**What is expected**
Gather every line of the entries that includes the word "lebesgue".

Dataset entries
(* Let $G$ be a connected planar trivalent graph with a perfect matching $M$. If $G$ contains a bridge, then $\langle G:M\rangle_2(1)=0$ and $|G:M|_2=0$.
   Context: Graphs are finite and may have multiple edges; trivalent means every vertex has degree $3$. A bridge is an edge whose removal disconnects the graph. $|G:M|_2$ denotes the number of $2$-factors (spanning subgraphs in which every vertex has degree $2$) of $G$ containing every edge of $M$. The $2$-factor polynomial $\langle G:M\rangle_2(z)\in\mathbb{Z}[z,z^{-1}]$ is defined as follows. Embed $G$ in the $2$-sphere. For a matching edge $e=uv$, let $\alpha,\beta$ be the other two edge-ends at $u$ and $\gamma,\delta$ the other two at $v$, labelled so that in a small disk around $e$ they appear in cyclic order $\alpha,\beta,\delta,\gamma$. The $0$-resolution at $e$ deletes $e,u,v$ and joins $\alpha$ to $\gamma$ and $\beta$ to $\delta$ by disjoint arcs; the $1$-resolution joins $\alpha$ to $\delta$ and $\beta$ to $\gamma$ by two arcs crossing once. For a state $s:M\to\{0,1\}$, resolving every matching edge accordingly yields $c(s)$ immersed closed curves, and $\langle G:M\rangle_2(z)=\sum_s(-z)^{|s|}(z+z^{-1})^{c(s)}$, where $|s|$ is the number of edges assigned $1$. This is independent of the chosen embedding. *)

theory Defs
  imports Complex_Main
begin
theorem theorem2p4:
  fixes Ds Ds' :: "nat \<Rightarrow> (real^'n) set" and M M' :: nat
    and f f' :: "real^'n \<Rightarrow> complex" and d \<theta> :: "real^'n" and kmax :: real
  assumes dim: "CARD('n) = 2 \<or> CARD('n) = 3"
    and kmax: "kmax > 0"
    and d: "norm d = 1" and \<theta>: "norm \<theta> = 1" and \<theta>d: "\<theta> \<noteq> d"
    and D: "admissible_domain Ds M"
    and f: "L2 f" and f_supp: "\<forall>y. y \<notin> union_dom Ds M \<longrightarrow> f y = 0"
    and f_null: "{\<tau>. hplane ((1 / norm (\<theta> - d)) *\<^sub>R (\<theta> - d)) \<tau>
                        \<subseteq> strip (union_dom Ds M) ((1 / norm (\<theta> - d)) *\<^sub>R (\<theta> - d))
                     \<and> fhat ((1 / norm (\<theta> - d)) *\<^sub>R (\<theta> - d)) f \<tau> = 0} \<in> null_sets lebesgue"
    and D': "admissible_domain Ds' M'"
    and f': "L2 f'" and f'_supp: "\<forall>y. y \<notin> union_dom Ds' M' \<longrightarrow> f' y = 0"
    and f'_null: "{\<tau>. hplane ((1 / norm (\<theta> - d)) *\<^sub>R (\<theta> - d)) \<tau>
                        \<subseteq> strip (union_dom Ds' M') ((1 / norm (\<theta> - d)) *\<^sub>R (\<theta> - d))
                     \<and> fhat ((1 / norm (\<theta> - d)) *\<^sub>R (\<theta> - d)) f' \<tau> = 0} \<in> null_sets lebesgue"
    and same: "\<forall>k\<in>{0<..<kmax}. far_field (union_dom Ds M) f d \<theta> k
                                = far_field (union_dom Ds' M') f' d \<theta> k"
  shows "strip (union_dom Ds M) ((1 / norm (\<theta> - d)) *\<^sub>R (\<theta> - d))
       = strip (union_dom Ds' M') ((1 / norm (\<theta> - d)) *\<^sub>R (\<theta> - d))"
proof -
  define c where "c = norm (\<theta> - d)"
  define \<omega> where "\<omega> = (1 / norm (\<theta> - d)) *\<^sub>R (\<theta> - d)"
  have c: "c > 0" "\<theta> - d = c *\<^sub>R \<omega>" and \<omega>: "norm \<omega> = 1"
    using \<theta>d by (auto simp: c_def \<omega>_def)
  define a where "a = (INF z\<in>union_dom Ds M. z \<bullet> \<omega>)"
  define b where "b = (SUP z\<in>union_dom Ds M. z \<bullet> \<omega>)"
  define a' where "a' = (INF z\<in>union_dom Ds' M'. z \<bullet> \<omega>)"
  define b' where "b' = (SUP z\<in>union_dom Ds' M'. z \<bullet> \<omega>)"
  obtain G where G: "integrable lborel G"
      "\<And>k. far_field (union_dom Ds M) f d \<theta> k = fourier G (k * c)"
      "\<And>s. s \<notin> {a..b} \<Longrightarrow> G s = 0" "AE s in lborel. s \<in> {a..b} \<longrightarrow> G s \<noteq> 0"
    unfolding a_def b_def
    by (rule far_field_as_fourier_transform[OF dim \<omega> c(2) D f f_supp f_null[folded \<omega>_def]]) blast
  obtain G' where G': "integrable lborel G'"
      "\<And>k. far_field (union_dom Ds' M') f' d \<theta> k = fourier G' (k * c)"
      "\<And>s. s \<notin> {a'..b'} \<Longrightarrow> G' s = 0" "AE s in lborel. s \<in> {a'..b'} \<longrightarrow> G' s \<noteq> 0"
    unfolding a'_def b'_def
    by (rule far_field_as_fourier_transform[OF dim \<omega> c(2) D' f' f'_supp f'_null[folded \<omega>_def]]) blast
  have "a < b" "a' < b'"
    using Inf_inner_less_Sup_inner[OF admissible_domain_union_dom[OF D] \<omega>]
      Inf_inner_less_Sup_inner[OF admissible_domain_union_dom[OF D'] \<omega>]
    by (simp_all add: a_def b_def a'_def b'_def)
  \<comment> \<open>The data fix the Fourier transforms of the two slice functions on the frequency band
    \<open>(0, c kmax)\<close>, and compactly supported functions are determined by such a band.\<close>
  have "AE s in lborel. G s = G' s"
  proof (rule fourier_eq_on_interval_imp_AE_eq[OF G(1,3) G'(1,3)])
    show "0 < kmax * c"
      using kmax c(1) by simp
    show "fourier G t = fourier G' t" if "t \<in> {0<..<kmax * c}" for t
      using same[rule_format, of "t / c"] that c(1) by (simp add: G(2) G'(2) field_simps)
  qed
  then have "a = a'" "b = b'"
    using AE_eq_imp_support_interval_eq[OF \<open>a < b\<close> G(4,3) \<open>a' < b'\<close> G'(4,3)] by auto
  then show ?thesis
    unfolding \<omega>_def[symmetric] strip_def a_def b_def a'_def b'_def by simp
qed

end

**Output below**
                     \<and> fhat ((1 / norm (\<theta> - d)) *\<^sub>R (\<theta> - d)) f \<tau> = 0} \<in> null_sets lebesgue"
                     \<and> fhat ((1 / norm (\<theta> - d)) *\<^sub>R (\<theta> - d)) f' \<tau> = 0} \<in> null_sets lebesgue"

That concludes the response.